EXERCISE: Beneath this instruction is a block of data; output from it exactly the lines that run from the one containing "(\<lambda>y \<in> f" through the one containing "f E \<Longrightarrow>", inclusive.

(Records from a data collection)
::::

(* Let $G$ be a finite group which is a $2$-closed group. Then the center $Z(G)$ of $G$ is cyclic.
   Context: Permutations act on the right; $\alpha^g$ denotes the image of $\alpha$ under $g$. For a set $\Omega$ and $G\leq{\rm Sym}(\Omega)$, the $2$-closure of $G$ on $\Omega$ is $G^{(2),\Omega}=\{\theta\in{\rm Sym}(\Omega)\mid \forall \alpha,\beta\in\Omega\ \exists g\in G:\ \alpha^\theta=\alpha^g,\ \beta^\theta=\beta^g\}$. $G$ is called $2$-closed on $\Omega$ if $G=G^{(2),\Omega}$. An abstract group $G$ is called a $2$-closed group if $H=H^{(2),\Omega}$ for every set $\Omega$ and every subgroup $H\leq{\rm Sym}(\Omega)$ with $H\cong G$ (i.e. $G$ is $2$-closed in all of its faithful permutation representations). *)

theory Defs
  imports "HOL-Algebra.Algebra"
begin

definition group_center :: "('a, 'b) monoid_scheme \<Rightarrow> 'a set" where
  "group_center G = {z \<in> carrier G. \<forall>g \<in> carrier G. z \<otimes>\<^bsub>G\<^esub> g = g \<otimes>\<^bsub>G\<^esub> z}"

(* 2-closure of H \<le> Sym(\<Omega>) on \<Omega>; permutations are the elements of Bij \<Omega>,
   and \<alpha>^g is written g \<alpha>. *)
definition two_closure :: "'c set \<Rightarrow> ('c \<Rightarrow> 'c) set \<Rightarrow> ('c \<Rightarrow> 'c) set" where
  "two_closure \<Omega> H = {\<theta> \<in> Bij \<Omega>. \<forall>\<alpha>\<in>\<Omega>. \<forall>\<beta>\<in>\<Omega>. \<exists>g\<in>H. \<theta> \<alpha> = g \<alpha> \<and> \<theta> \<beta> = g \<beta>}"

definition two_closed_on :: "'c set \<Rightarrow> ('c \<Rightarrow> 'c) set \<Rightarrow> bool" where
  "two_closed_on \<Omega> H \<longleftrightarrow> H = two_closure \<Omega> H"

(* An abstract group G is 2-closed if every permutation group isomorphic to G is
   2-closed. Permutation domains are taken to be subsets of nat. *)
definition two_closed_group :: "('a, 'b) monoid_scheme \<Rightarrow> bool" where
  "two_closed_group G \<longleftrightarrow>
     (\<forall>(\<Omega>::nat set) H. subgroup H (BijGroup \<Omega>) \<and> G \<cong> (BijGroup \<Omega>)\<lparr>carrier := H\<rparr>
        \<longrightarrow> two_closed_on \<Omega> H)"

end

theory Submission
  imports Defs "HOL-Computational_Algebra.Primes"
begin

text \<open>
  If \<open>Z(G)\<close> is not cyclic, it contains elements \<open>a\<close>, \<open>b\<close> with
  \<open>\<langle>a\<rangle> \<inter> \<langle>b\<rangle> = 1\<close> and \<open>a \<notin> \<langle>ab\<rangle>\<close>: take \<open>a\<close> of maximal order,
  so that every order divides \<open>ord a\<close>, and \<open>b\<close> of prime order outside \<open>\<langle>a\<rangle>\<close>.
  Let \<open>G\<close> act by left multiplication on the disjoint union of the coset spaces of
  \<open>\<langle>a\<rangle>\<close>, \<open>\<langle>b\<rangle>\<close> and \<open>\<langle>ab\<rangle>\<close>; the action is faithful. Since these subgroups
  are central, multiplying by any element of one of them fixes every coset of it. So the
  permutation that multiplies the cosets of \<open>\<langle>ab\<rangle>\<close> by \<open>a\<close> and fixes the other two
  orbits agrees on any two orbits with one of \<open>1\<close>, \<open>a\<close>, \<open>b\<inverse>\<close>, hence lies in the
  2-closure, yet it is induced by no element of \<open>G\<close>.
\<close>

subsection \<open>Transport of permutation groups along injections\<close>

text \<open>\<open>two_closed_group\<close> only tests permutation groups on sets of naturals, so a finite
  action is transported along an injection into \<open>nat\<close>.\<close>

definition transport_perm :: "('c \<Rightarrow> 'd) \<Rightarrow> 'c set \<Rightarrow> ('c \<Rightarrow> 'c) \<Rightarrow> 'd \<Rightarrow> 'd" where
  "transport_perm f E \<sigma> = (\<lambda>y \<in> f ` E. f (\<sigma> (inv_into E f y)))"

lemma transport_perm_apply [simp]:
  "inj_on f E \<Longrightarrow> x \<in> E \<Longrightarrow> transport_perm f E \<sigma> (f x) = f (\<sigma> x)"
  by (simp add: transport_perm_def)

lemma transport_perm_Bij:
  assumes f: "inj_on f E" and \<sigma>: "\<sigma> \<in> Bij E"
  shows "transport_perm f E \<sigma> \<in> Bij (f ` E)"
proof -
  have f': "bij_betw f E (f ` E)"
    using f by (rule inj_on_imp_bij_betw)
  have "bij_betw \<sigma> E E"
    using \<sigma> by (simp add: Bij_def)
  then have "bij_betw (f \<circ> (\<sigma> \<circ> inv_into E f)) (f ` E) (f ` E)"
    using f' by (blast intro: bij_betw_trans bij_betw_inv_into)
  then have "bij_betw (transport_perm f E \<sigma>) (f ` E) (f ` E)"
    by (rule bij_betw_cong[THEN iffD1, rotated]) (simp add: transport_perm_def)
  then show ?thesis
    by (simp add: Bij_def transport_perm_def)
qed

lemma transport_perm_hom:
  assumes f: "inj_on f E"
  shows "transport_perm f E \<in> hom (BijGroup E) (BijGroup (f ` E))"
proof (rule homI)
  fix \<sigma> \<tau> assume "\<sigma> \<in> carrier (BijGroup E)" and "\<tau> \<in> carrier (BijGroup E)"
  then have \<sigma>: "\<sigma> \<in> Bij E" and \<tau>: "\<tau> \<in> Bij E"
    by (simp_all add: BijGroup_def)
  have "transport_perm f E (compose E \<sigma> \<tau>) y = compose (f ` E) (transport_perm f E \<sigma>) (transport_perm f E \<tau>) y"
    for y
  proof (cases "y \<in> f ` E")
    case True
    then obtain x where "x \<in> E" "y = f x" by blast
    moreover have "\<tau> x \<in> E"
      using \<open>x \<in> E\<close> \<tau> Bij_imp_funcset by blast
    ultimately show ?thesis
      using f by (simp add: compose_def)
  qed (simp add: transport_perm_def compose_def)
  then show "transport_perm f E (\<sigma> \<otimes>\<^bsub>BijGroup E\<^esub> \<tau>)
      = transport_perm f E \<sigma> \<otimes>\<^bsub>BijGroup (f ` E)\<^esub> transport_perm f E \<tau>"
    using \<sigma> \<tau> f by (simp add: BijGroup_def transport_perm_Bij fun_eq_iff)
qed (use f transport_perm_Bij in \<open>auto simp: BijGroup_def\<close>)

lemma inj_on_transport_perm:
  assumes f: "inj_on f E"
  shows "inj_on (transport_perm f E) (Bij E)"
proof (rule inj_onI, rule extensionalityI)
  fix \<sigma> \<tau> x assume \<sigma>: "\<sigma> \<in> Bij E" and \<tau>: "\<tau> \<in> Bij E"
    and eq: "transport_perm f E \<sigma> = transport_perm f E \<tau>" and x: "x \<in> E"
  then have "f (\<sigma> x) = f (\<tau> x)"
    using f by (metis transport_perm_apply)
  moreover have "\<sigma> x \<in> E" "\<tau> x \<in> E"
    using \<sigma> \<tau> x Bij_imp_funcset by blast+
  ultimately show "\<sigma> x = \<tau> x"
    using f by (simp add: inj_on_eq_iff)
qed (auto simp: Bij_def)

::::

EXERCISE OUTPUT:
  "transport_perm f E \<sigma> = (\<lambda>y \<in> f ` E. f (\<sigma> (inv_into E f y)))"

lemma transport_perm_apply [simp]:
  "inj_on f E \<Longrightarrow> x \<in> E \<Longrightarrow> transport_perm f E \<sigma> (f x) = f (\<sigma> x)"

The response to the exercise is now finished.